What is needed >> Every line with the string "comment" must be copied from the entries below.

*** Record excerpts ***

definition lin_on :: "('k::field \<Rightarrow> 'm::ab_group_add \<Rightarrow> 'm) \<Rightarrow> 'm set \<Rightarrow> ('m \<Rightarrow> 'm) \<Rightarrow> bool" where
  "lin_on scale A f \<longleftrightarrow>
     (\<forall>x\<in>A. \<forall>y\<in>A. f (x + y) = f x + f y) \<and>
     (\<forall>c. \<forall>x\<in>A. f (scale c x) = scale c (f x))"

definition sym_bilin_on :: "('k::field \<Rightarrow> 'm::ab_group_add \<Rightarrow> 'm) \<Rightarrow> 'm set \<Rightarrow> ('m \<Rightarrow> 'm \<Rightarrow> 'm) \<Rightarrow> bool" where
  "sym_bilin_on scale A b \<longleftrightarrow>
     (\<forall>x\<in>A. \<forall>y\<in>A. b x y = b y x) \<and>
     (\<forall>x\<in>A. \<forall>y\<in>A. \<forall>z\<in>A. b (x + y) z = b x z + b y z) \<and>
     (\<forall>c. \<forall>x\<in>A. \<forall>y\<in>A. b (scale c x) y = scale c (b x y))"

definition hom_jj :: "('k::field \<Rightarrow> 'm::ab_group_add \<Rightarrow> 'm) \<Rightarrow> 'm set \<Rightarrow> ('m \<Rightarrow> 'm \<Rightarrow> 'm) \<Rightarrow> ('m \<Rightarrow> 'm) \<Rightarrow> bool" where
  "hom_jj scale A b g \<longleftrightarrow>
     module.subspace scale A \<and>
     (\<forall>x\<in>A. \<forall>y\<in>A. b x y \<in> A) \<and> (\<forall>x\<in>A. g x \<in> A) \<and>
     sym_bilin_on scale A b \<and> lin_on scale A g \<and>
     (\<forall>x\<in>A. \<forall>y\<in>A. g (b x y) = b (g x) (g y)) \<and>
     (\<forall>x\<in>A. \<forall>y\<in>A. \<forall>z\<in>A. b (g x) (b y z) + b (g y) (b z x) + b (g z) (b x y) = 0)"

text \<open>2-cocycle (rho, theta) of (J, bJ, a) with values in (V, bV, be).
  rho x is represented as a function on the ambient space whose restriction to V is the
  endomorphism of V.\<close>
definition two_cocycle :: "('k::field \<Rightarrow> 'm::ab_group_add \<Rightarrow> 'm) \<Rightarrow>
    'm set \<Rightarrow> ('m \<Rightarrow> 'm \<Rightarrow> 'm) \<Rightarrow> ('m \<Rightarrow> 'm) \<Rightarrow>
    'm set \<Rightarrow> ('m \<Rightarrow> 'm \<Rightarrow> 'm) \<Rightarrow> ('m \<Rightarrow> 'm) \<Rightarrow>
    ('m \<Rightarrow> 'm \<Rightarrow> 'm) \<Rightarrow> ('m \<Rightarrow> 'm \<Rightarrow> 'm) \<Rightarrow> bool" where
  "two_cocycle scale J bJ a V bV be rho theta \<longleftrightarrow>
     \<comment> \<open>rho : J -> End(V) is linear\<close>
     (\<forall>x\<in>J. \<forall>v\<in>V. rho x v \<in> V) \<and>
     (\<forall>x\<in>J. lin_on scale V (rho x)) \<and>
     (\<forall>x\<in>J. \<forall>y\<in>J. \<forall>v\<in>V. rho (x + y) v = rho x v + rho y v) \<and>
     (\<forall>c. \<forall>x\<in>J. \<forall>v\<in>V. rho (scale c x) v = scale c (rho x v)) \<and>
     \<comment> \<open>theta : J x J -> V symmetric bilinear, compatible with the twisting maps\<close>
     (\<forall>x\<in>J. \<forall>y\<in>J. theta x y \<in> V) \<and>
     sym_bilin_on scale J theta \<and>
     (\<forall>x\<in>J. \<forall>y\<in>J. be (theta x y) = theta (a x) (a y)) \<and>
     \<comment> \<open>(i)\<close>
     (\<forall>x\<in>J. \<forall>v\<in>V. rho (a x) (be v) = be (rho x v)) \<and>
     \<comment> \<open>(ii)\<close>
     (\<forall>x\<in>J. \<forall>y\<in>J. \<forall>v\<in>V.
        rho (bJ x y) (be v) = - rho (a x) (rho y v) - rho (a y) (rho x v) - bV (theta x y) (be v)) \<and>
     \<comment> \<open>(iii)\<close>
     (\<forall>x\<in>J. \<forall>y\<in>J. \<forall>z\<in>J.
        theta (a x) (bJ y z) + theta (a y) (bJ x z) + theta (a z) (bJ x y)
        + rho (a x) (theta y z) + rho (a y) (theta x z) + rho (a z) (theta x y) = 0) \<and>
     \<comment> \<open>(iv)\<close>
     (\<forall>x\<in>J. \<forall>u\<in>V. \<forall>v\<in>V.
        rho (a x) (bV u v) = - bV (be u) (rho x v) - bV (be v) (rho x u))"

end

theory Submission
  imports Defs
begin

text \<open>The multiplicativity defect
  \<alpha>[x,y] - [\<alpha>x,\<alpha>y] and the Hom-Jacobiator of M are symmetric and additive in each argument, so
  each vanishes on M iff it vanishes on arguments drawn from V \<union> J, and up to symmetry only the
  argument patterns VV, JV, JJ resp. VVV, JVV, JJV, JJJ remain. The all-V patterns hold because V
  is a Hom-Jacobi-Jordan algebra. For the others, since [M,V] \<subseteq> V, taking J- and V-components
  of the identity turns it into exactly the Hom-Jacobi-Jordan axioms of J and the cocycle
  conditions: JJ gives multiplicativity of [,]_J and compatibility of \<theta>, JV gives (i), JJJ gives
  the Hom-Jacobi identity of J and (iii), JJV gives (ii) and JVV gives (iv).\<close>

definition hom_jacobiator :: "('m::ab_group_add \<Rightarrow> 'm \<Rightarrow> 'm) \<Rightarrow> ('m \<Rightarrow> 'm) \<Rightarrow> 'm \<Rightarrow> 'm \<Rightarrow> 'm \<Rightarrow> 'm"
  where "hom_jacobiator b g x y z = b (g x) (b y z) + b (g y) (b z x) + b (g z) (b x y)"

*** End of Record excerpts ***

Response to this task >>
     \<comment> \<open>rho : J -> End(V) is linear\<close>
     \<comment> \<open>theta : J x J -> V symmetric bilinear, compatible with the twisting maps\<close>
     \<comment> \<open>(i)\<close>
     \<comment> \<open>(ii)\<close>
     \<comment> \<open>(iii)\<close>
     \<comment> \<open>(iv)\<close>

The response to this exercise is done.